Triple-V (1999) Ltd.

 

On June 25, 2018, the Company entered into an amended and restated Consultancy Agreement with Triple-V (1999) Ltd. (the “Triple-V Consultancy Agreement”) pursuant to which Triple-V (1999) Ltd. will provide consultancy services and will have such duties, authorities and responsibilities as shall be determined by our board of directors) through the personal services of Mr. Shy Datika.

 

Term. Pursuant to the Triple-V Consultancy Agreement, Triple-V’s engagement with the Company commenced as of October 1, 2017, and will continue until such time as either Triple-V or the Company terminates its engagement pursuant to the terms of the Triple-V Consultancy Agreement, including by 30 days written notice.

 

Compensation. Pursuant to the Triple-V Consultancy Agreement, as of May 1, 2018, Triple-V will receive a monthly fee in the amount of $12,000 and a one-time bonus of $250,000 six months following the date the registration statement in connection with this Offering is declared effective by the SEC. In addition, the Company will reimburse Triple-V for out of pocket expenses reasonably required in the performance of the services under the Triple-V Consultancy Agreement. The Triple-V Consultancy Agreement does not provide for benefits upon the termination of the services, other than payment of fees and other obligations owed during the required notice period.

 

Terms of Proprietary Rights, Confidentiality and Non-Competition. The Triple-V Consultancy Agreement contains terms to protect the proprietary rights of the Company in the Company’s technology, intellectual property and inventions to which Triple-V is exposed during the course of the engagement. Triple-V is also subject to terms of confidentiality. Notwithstanding the foregoing, nothing in the Triple-V Consultancy Agreement prevents Triple-V from further engagements in activities related to virtual coins outside the scope of the technology and confidential information owned by the Company.

 

The foregoing description of the Triple-V Consultancy Agreement summarizes the material terms of the Triple-V Consultancy Agreement, as amended, but is not a complete description. For more details about the Triple-V Consultancy Agreement, you should reference to the full text of the Triple-V Consultancy Agreement, which is attached as Exhibit 10.4 hereto, and is incorporated herein by reference.

 

Insight Finance Ltd.

 

On December 26, 2017, in connection with the appointment of Mr. Oran Mordechai as the Company’s Chief Financial Officer, the Company entered into a Financial Services Agreement with Insight Finance Ltd. (supplemented on February 14, 2018) (the “Insight Service Agreement”) pursuant to which Insight Finance Ltd. will provide certain bookkeeping and accounting services to the Company, including that Mr. Oran Mordechai shall serve as the Company’s Chief Financial Officer.

 

Term. Pursuant to the Insight Service Agreement, Insight’s engagement with the Company will continue until terminated according to its terms. The Company may terminate the Insight Management Agreement upon notice to Insight.

 

Compensation.
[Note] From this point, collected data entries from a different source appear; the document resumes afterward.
(* Let $l\in\mathbb N$, let $V_{l+1}=\{v_1,\dots,v_{l+1}\}$, and let $A$ be the adjacency matrix of a balanced tree $T\in\mathcal T_{V_{l+1}}$. Then the number of balanced trees $G\in\mathcal T_{V_{l+1}}$ with adjacency matrix $A(G)=A$ equals $$2l\prod_{i=1}^{l+1}(\operatorname{indeg}_T(v_i)-1)!.$$
   Context: For a finite ordered vertex set $V$ and $N\ge1$, a route through $V$ of length $N$ is a sequence $\mathbf i\in V^N$ whose set of entries equals $V$; its circuit multigraph $G_{\mathbf i}$ has vertex set $V$ and edges $1,\dots,N$ (own identity; parallel edges and loops allowed), edge $k<N$ from $i_k$ to $i_{k+1}$ and edge $N$ from $i_N$ to $i_1$; $\mathcal C_{V,N}$ is the set of all such graphs, and $G_{\mathbf i}$ is identified with its route $\mathbf i$ (so distinct routes give distinct graphs). A directed multigraph is balanced if its edges split into pairs $(e,e')$ with the head of $e$ equal to the tail of $e'$ and vice versa. $\mathcal T_{V_{l+1}}$ is the set of balanced $G\in\mathcal C_{V_{l+1},2l}$ (balanced trees). The adjacency matrix $A(G)$ has entry $A(G)_{v,w}$ equal to the number of edges from $v$ to $w$; $\operatorname{indeg}_T(v)$ is the number of edges with head $v$. *)

theory Defs
  imports Main
begin

text \<open>A route through V of length N: a list of length N (N \<ge> 1) whose set of entries is V.
  Edges are indexed 0..N-1; edge k goes from entry k to entry (k+1) mod N.\<close>

definition is_route :: "'a set \<Rightarrow> nat \<Rightarrow> 'a list \<Rightarrow> bool" where
  "is_route V N xs \<longleftrightarrow> N \<ge> 1 \<and> length xs = N \<and> set xs = V"

definition circuit_graphs :: "'a set \<Rightarrow> nat \<Rightarrow> 'a list set" where
  "circuit_graphs V N = {xs. is_route V N xs}"

definition etail :: "'a list \<Rightarrow> nat \<Rightarrow> 'a" where
  "etail xs k = xs ! k"

definition ehead :: "'a list \<Rightarrow> nat \<Rightarrow> 'a" where
  "ehead xs k = xs ! (Suc k mod length xs)"

text \<open>Balanced: the edge set splits into pairs (e,e') of distinct edges with
  head e = tail e' and tail e = head e'; encoded as a fixed-point-free involution on the edges.\<close>

definition balanced :: "'a list \<Rightarrow> bool" where
  "balanced xs \<longleftrightarrow> (\<exists>\<sigma>::nat \<Rightarrow> nat. \<forall>k < length xs.
      \<sigma> k < length xs \<and> \<sigma> k \<noteq> k \<and> \<sigma> (\<sigma> k) = k \<and>
      ehead xs k = etail xs (\<sigma> k) \<and> etail xs k = ehead xs (\<sigma> k))"

definition balanced_trees :: "'a set \<Rightarrow> nat \<Rightarrow> 'a list set" where
  "balanced_trees V l = {G \<in> circuit_graphs V (2 * l). balanced G}"

definition adj :: "'a list \<Rightarrow> 'a \<Rightarrow> 'a \<Rightarrow> nat" where
  "adj G v w = card {k. k < length G \<and> etail G k = v \<and> ehead G k = w}"

definition indeg :: "'a list \<Rightarrow> 'a \<Rightarrow> nat" where
  "indeg G v = card {k. k < length G \<and> ehead G k = v}"

end

theory Submission
  imports Defs "HOL-Library.Multiset"
begin

text \<open>A balanced tree on \<open>l + 1\<close> vertices walks around a tree, traversing each of its \<open>l\<close> edges
  once in each direction. So its adjacency matrix is symmetric, 0/1-valued and loop-free, and every
  route with the same edge multiset is again a balanced tree. To count the routes with given edge
  multiset and given first vertex \<open>r\<close>, remove a leaf \<open>w \<noteq> r\<close> with neighbour \<open>p\<close>: each route
  arises uniquely from a route of the smaller tree by inserting the detour \<open>p w\<close> in front of an
  occurrence of \<open>p\<close>, or at the end if \<open>p = r\<close>. This multiplies the count by \<open>indeg p\<close>, plus one
  if \<open>p = r\<close>, and induction gives \<open>indeg r * \<Prod>v. (indeg v - 1)!\<close>. Summing over \<open>r\<close> gives the
  factor \<open>2 l\<close>.\<close>

lemma zip_rotate1:
  "length xs = length ys \<Longrightarrow> zip (rotate1 xs) (rotate1 ys) = rotate1 (zip xs ys)"
  by (cases xs; cases ys) auto

lemma mset_rotate1 [simp]: "mset (rotate1 xs) = mset xs"
  by (cases xs) auto

lemma eq_if_count_image_mset_eq_1:
  assumes "count (image_mset f M) b = 1" and "x \<in># M" "y \<in># M" and "f x = b" "f y = b"
  shows "x = y"
proof (rule ccontr)
  assume "x \<noteq> y"
  obtain M1 where M1: "M = add_mset x M1"
    using assms(2) by (metis multi_member_split)
  with \<open>x \<noteq> y\<close> assms(3) obtain M2 where "M1 = add_mset y M2"
    by (metis insert_noteq_member multi_member_split)
  with M1 have "count (image_mset f M) b \<ge> 2"
    using assms(4,5) by simp
  with assms(1) show False
    by simp
qed

definition circuit_edges :: "'a list \<Rightarrow> ('a \<times> 'a) multiset" where
  "circuit_edges G = mset (zip G (rotate1 G))"

lemma image_mset_fst_circuit_edges [simp]: "image_mset fst (circuit_edges G) = mset G"
  by (simp add: circuit_edges_def flip: mset_map)

lemma image_mset_snd_circuit_edges [simp]: "image_mset snd (circuit_edges G) = mset G"
  by (simp add: circuit_edges_def flip: mset_map)

lemma size_circuit_edges [simp]: "size (circuit_edges G) = length G"
  by (simp add: circuit_edges_def)

lemma adj_eq_count_circuit_edges: "adj G u v = count (circuit_edges G) (u, v)"
proof -
  have "count (circuit_edges G) (u, v) = length (filter ((=) (u, v)) (zip G (rotate1 G)))"
    by (simp add: circuit_edges_def count_mset count_list_eq_length_filter)
  also have "\<dots> = card {k. k < length G \<and> (u, v) = zip G (rotate1 G) ! k}"
    by (simp add: length_filter_conv_card)
  also have "\<dots> = adj G u v"
    unfolding adj_def etail_def ehead_def by (rule arg_cong[where f = card]) (auto simp: nth_rotate1)
  finally show ?thesis by simp
qed

lemma adj_eq_iff_circuit_edges_eq: "adj G = adj H \<longleftrightarrow> circuit_edges G = circuit_edges H"
  by (auto simp: fun_eq_iff adj_eq_count_circuit_edges multiset_eq_iff)

lemma indeg_eq_count_mset: "indeg G v = count (mset G) v"
proof -
  have "count (mset G) v = count (mset (rotate1 G)) v"
    by simp
  also have "\<dots> = length (filter ((=) v) (rotate1 G))"
    by (simp only: count_mset count_list_eq_length_filter)
  also have "\<dots> = card {k. k < length G \<and> v = rotate1 G ! k}"
    by (simp add: length_filter_conv_card)
  also have "\<dots> = indeg G v"
    unfolding indeg_def ehead_def by (rule arg_cong[where f = card]) (auto simp: nth_rotate1)
  finally show ?thesis by simp
qed

lemma set_circuit_edges_subset: "set_mset (circuit_edges G) \<subseteq> set G \<times> set G"
  by (auto simp: circuit_edges_def dest: set_zip_leftD set_zip_rightD)

lemma circuit_edges_rotate1 [simp]: "circuit_edges (rotate1 G) = circuit_edges G"
  by (simp add: circuit_edges_def zip_rotate1)

lemma circuit_edges_rotate [simp]: "circuit_edges (rotate n G) = circuit_edges G"
  by (induction n) simp_all

lemma circuit_edges_append_commute: "circuit_edges (xs @ ys) = circuit_edges (ys @ xs)"
  by (metis circuit_edges_rotate rotate_append)

lemma circuit_edges_pair: "circuit_edges [a, b] = {#(a, b), (b, a)#}"
  by (simp add: circuit_edges_def)

lemma in_circuit_edges_Cons_Cons: "(x, y) \<in># circuit_edges (x # y # zs)"
  by (simp add: circuit_edges_def)

lemma circuit_edges_detour:
  "circuit_edges (p # w # p # zs) = circuit_edges (p # zs) + {#(p, w), (w, p)#}"
  by (simp add: circuit_edges_def)

lemma circuit_edges_insert_detour:
  assumes "a @ b \<noteq> []" and "hd (b @ a) = p"
  shows "circuit_edges (a @ p # w # b) = circuit_edges (a @ b) + {#(p, w), (w, p)#}"
proof -
  obtain zs where zs: "b @ a = p # zs"
    using assms by (cases "b @ a") auto
  have "circuit_edges (a @ p # w # b) = circuit_edges (p # w # p # zs)"
    using zs by (metis append_Cons circuit_edges_append_commute)
  also have "\<dots> = circuit_edges (b @ a) + {#(p, w), (w, p)#}"
    by (simp add: circuit_edges_detour zs)
  finally show ?thesis
    by (simp add: circuit_edges_append_commute)
qed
Pursuant to the Insight Service Agreement, Insight will receive a quarterly fee for bookkeeping and accounting services and will be compensated at an hourly rate for other services, or as shall be agreed in advance. In addition to and separate from such fees, the Company will reimburse Insight for certain out of pocket expenses reasonably required in the performance of the services under the Insight Service Agreement. The Insight Service Agreement does not provide for benefits upon the termination of the services, other than payment of fees and other obligations owed.

 

Limitation of Liability. Insight’s liability in connection with the Insight Service Agreement, is limited to the total annual fees actually paid to Insight under the Insight Service Agreement (the “Limit of Liability”). The Company shall indemnify and compensate Insight for all costs incurred by Insight arising out of, resulting from or in any way connected to the performance of its obligations under the Insight Service Agreement that exceed the Limit of Liability.

 

Terms of Proprietary Rights, Confidentiality and Non-Solicitation. Insight is subject to terms of confidentiality to protect the proprietary rights of the Company in the Company’s technology, intellectual property and inventions to which Insight is exposed during the course of the engagement. The Company also agreed that it will not hire, recruit or solicit any employee of Insight without Insight’s written consent.

 

The foregoing description of the Insight Service Agreement summarizes the material terms of the Insight Service Agreement, as amended, but is not a complete description. For more details about the Insight Service Agreement, you should reference to the full text of the Insight Service Agreement, which is attached as Exhibit 10.5 hereto, and is incorporated herein by reference.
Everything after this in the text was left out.